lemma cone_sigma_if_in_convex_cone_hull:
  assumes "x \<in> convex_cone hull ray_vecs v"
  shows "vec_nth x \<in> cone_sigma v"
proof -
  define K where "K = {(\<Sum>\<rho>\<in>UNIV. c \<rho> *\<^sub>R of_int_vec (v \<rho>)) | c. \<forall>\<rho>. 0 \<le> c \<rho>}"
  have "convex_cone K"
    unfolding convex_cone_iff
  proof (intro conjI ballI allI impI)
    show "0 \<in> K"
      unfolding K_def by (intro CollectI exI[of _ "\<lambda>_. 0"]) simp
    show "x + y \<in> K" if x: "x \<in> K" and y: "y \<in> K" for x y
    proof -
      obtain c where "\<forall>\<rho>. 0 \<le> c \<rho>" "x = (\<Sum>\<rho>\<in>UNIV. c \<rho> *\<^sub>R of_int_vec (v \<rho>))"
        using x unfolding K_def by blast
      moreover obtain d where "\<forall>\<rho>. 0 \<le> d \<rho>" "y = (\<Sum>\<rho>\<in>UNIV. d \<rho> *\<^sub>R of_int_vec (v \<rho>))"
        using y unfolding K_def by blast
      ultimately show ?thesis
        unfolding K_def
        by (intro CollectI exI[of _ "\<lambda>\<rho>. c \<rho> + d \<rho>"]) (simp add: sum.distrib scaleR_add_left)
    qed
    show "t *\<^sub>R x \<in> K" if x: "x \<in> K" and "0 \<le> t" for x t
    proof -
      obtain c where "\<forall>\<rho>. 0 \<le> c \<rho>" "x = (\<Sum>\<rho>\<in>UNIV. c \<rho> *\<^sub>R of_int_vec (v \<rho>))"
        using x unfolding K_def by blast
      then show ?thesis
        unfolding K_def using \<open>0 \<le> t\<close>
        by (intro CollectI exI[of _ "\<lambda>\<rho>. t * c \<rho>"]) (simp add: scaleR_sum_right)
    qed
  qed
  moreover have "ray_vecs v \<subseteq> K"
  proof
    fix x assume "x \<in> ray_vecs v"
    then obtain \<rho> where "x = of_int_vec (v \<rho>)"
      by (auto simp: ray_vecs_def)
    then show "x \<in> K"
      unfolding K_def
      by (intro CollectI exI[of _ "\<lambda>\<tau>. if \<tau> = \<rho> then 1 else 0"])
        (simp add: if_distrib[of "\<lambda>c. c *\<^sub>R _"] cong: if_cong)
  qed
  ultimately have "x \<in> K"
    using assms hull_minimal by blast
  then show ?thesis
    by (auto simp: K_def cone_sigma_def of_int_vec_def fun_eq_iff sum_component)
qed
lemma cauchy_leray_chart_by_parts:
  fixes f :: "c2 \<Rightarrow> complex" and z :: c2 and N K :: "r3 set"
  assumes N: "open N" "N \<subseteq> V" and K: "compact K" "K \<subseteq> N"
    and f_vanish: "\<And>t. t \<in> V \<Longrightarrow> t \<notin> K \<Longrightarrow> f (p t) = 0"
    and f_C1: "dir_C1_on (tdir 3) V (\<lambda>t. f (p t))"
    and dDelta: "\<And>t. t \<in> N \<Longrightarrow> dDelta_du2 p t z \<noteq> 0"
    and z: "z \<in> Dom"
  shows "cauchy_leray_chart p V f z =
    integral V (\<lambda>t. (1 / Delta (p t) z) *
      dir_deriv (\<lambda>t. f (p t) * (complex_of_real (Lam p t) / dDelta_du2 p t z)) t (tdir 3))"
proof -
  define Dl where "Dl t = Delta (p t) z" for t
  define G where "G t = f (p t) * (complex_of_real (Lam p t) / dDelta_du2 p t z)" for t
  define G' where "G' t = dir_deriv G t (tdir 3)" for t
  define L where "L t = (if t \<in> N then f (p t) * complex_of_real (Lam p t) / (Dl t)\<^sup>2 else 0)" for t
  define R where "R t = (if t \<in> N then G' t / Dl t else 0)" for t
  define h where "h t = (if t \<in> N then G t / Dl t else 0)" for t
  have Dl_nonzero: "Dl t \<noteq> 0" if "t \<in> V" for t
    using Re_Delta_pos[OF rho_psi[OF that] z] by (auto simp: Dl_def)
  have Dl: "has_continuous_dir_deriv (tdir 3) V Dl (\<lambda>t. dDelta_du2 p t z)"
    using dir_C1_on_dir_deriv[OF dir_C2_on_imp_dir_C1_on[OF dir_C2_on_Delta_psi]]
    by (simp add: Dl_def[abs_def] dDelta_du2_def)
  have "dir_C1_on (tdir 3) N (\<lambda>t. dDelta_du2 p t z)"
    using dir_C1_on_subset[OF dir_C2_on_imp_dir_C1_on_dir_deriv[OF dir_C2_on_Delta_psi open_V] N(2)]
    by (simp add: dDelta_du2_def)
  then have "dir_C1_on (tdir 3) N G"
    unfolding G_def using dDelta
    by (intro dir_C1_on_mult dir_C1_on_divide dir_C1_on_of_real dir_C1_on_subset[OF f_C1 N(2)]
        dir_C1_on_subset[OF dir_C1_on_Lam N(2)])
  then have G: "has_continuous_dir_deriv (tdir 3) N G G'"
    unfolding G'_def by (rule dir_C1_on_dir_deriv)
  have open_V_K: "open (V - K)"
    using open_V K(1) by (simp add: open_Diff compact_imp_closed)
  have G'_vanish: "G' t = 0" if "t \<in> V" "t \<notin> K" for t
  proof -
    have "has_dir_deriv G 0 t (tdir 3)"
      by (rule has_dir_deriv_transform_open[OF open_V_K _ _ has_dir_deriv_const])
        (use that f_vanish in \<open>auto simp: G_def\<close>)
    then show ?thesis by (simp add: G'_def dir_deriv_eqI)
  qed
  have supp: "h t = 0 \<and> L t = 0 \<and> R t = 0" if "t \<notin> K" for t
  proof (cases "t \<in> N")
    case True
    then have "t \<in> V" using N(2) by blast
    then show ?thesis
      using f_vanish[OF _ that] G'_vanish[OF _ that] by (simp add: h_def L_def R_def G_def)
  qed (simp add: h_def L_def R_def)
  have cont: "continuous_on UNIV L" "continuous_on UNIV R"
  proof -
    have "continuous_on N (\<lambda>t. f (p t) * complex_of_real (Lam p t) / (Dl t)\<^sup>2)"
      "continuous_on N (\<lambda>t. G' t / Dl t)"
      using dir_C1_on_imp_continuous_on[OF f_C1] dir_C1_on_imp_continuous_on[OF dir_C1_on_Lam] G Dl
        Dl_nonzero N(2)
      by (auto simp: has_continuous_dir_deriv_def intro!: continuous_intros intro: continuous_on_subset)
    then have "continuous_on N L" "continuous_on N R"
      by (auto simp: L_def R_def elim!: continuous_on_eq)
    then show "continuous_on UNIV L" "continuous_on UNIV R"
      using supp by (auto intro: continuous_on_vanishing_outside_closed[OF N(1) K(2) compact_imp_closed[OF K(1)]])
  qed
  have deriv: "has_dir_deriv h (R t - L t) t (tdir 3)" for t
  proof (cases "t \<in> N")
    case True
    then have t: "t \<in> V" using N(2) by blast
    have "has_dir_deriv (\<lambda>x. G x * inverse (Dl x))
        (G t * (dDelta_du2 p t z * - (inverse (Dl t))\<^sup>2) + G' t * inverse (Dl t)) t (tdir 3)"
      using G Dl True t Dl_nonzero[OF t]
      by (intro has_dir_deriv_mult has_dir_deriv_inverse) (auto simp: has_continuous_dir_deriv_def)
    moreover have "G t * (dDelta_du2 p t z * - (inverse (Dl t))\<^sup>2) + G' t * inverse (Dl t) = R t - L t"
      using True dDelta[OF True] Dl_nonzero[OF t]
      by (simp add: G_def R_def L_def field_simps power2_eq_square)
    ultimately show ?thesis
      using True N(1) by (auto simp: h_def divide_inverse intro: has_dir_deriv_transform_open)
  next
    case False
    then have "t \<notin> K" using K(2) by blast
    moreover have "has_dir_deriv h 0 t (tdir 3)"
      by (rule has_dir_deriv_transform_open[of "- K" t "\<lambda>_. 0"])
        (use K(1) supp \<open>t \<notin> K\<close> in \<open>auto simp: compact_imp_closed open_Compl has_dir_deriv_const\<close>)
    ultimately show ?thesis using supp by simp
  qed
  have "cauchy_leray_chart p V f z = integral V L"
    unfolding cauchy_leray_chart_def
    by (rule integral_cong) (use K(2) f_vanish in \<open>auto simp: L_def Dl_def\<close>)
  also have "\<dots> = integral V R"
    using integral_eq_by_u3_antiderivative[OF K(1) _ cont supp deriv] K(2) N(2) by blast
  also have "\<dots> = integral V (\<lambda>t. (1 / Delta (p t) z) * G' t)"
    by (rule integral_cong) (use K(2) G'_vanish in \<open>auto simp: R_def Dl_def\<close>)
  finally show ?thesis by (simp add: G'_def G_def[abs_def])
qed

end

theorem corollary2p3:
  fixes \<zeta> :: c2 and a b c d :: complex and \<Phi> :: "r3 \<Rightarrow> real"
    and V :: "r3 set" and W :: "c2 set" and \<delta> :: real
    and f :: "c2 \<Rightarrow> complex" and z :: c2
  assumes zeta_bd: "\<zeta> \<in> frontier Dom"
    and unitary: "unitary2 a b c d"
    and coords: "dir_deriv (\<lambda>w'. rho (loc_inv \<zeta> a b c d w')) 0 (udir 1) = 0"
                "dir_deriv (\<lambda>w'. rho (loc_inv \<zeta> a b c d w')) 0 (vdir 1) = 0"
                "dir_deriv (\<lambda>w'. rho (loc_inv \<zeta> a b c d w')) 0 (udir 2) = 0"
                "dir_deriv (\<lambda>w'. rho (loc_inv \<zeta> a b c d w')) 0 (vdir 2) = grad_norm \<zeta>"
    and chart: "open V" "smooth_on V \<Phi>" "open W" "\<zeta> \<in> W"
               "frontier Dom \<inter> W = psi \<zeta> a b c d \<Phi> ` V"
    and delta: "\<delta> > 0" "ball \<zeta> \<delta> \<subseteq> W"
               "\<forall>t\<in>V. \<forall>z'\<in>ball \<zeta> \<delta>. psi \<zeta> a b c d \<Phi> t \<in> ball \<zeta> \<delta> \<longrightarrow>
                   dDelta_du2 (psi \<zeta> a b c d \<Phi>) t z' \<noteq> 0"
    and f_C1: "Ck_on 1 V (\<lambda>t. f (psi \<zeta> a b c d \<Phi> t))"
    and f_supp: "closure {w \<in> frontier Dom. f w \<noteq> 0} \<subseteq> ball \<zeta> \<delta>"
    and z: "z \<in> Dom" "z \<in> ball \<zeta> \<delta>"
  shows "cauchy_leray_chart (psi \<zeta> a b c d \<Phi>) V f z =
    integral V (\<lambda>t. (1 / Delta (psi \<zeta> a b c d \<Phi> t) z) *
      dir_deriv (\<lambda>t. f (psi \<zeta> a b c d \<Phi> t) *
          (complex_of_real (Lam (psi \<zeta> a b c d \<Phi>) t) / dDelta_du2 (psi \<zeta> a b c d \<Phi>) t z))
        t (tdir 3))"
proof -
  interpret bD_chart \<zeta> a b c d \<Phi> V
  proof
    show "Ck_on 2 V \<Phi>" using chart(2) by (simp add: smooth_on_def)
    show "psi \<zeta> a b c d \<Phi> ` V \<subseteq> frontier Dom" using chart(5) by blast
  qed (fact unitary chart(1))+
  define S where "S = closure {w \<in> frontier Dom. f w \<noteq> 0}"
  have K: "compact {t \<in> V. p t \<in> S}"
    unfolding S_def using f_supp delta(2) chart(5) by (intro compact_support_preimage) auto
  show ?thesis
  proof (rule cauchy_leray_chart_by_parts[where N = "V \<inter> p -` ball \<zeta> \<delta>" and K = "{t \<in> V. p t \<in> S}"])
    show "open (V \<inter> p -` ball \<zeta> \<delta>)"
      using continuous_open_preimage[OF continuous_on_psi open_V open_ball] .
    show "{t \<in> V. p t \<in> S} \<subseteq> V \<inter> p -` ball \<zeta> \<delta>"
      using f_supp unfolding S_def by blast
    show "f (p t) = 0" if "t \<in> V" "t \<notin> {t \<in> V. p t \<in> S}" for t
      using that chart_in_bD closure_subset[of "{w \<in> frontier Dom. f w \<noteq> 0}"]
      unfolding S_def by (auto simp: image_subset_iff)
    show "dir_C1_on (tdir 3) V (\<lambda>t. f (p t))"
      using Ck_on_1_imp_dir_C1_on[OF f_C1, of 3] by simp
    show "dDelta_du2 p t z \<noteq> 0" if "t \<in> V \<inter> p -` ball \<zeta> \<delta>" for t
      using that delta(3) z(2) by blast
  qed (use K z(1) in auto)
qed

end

•••

■ Task directions:
From the data, collect all lines where the string "subseteq" appears.

■ Task result:
  moreover have "ray_vecs v \<subseteq> K"
  assumes N: "open N" "N \<subseteq> V" and K: "compact K" "K \<subseteq> N"
    and delta: "\<delta> > 0" "ball \<zeta> \<delta> \<subseteq> W"
    and f_supp: "closure {w \<in> frontier Dom. f w \<noteq> 0} \<subseteq> ball \<zeta> \<delta>"
    show "psi \<zeta> a b c d \<Phi> ` V \<subseteq> frontier Dom" using chart(5) by blast
    show "{t \<in> V. p t \<in> S} \<subseteq> V \<inter> p -` ball \<zeta> \<delta>"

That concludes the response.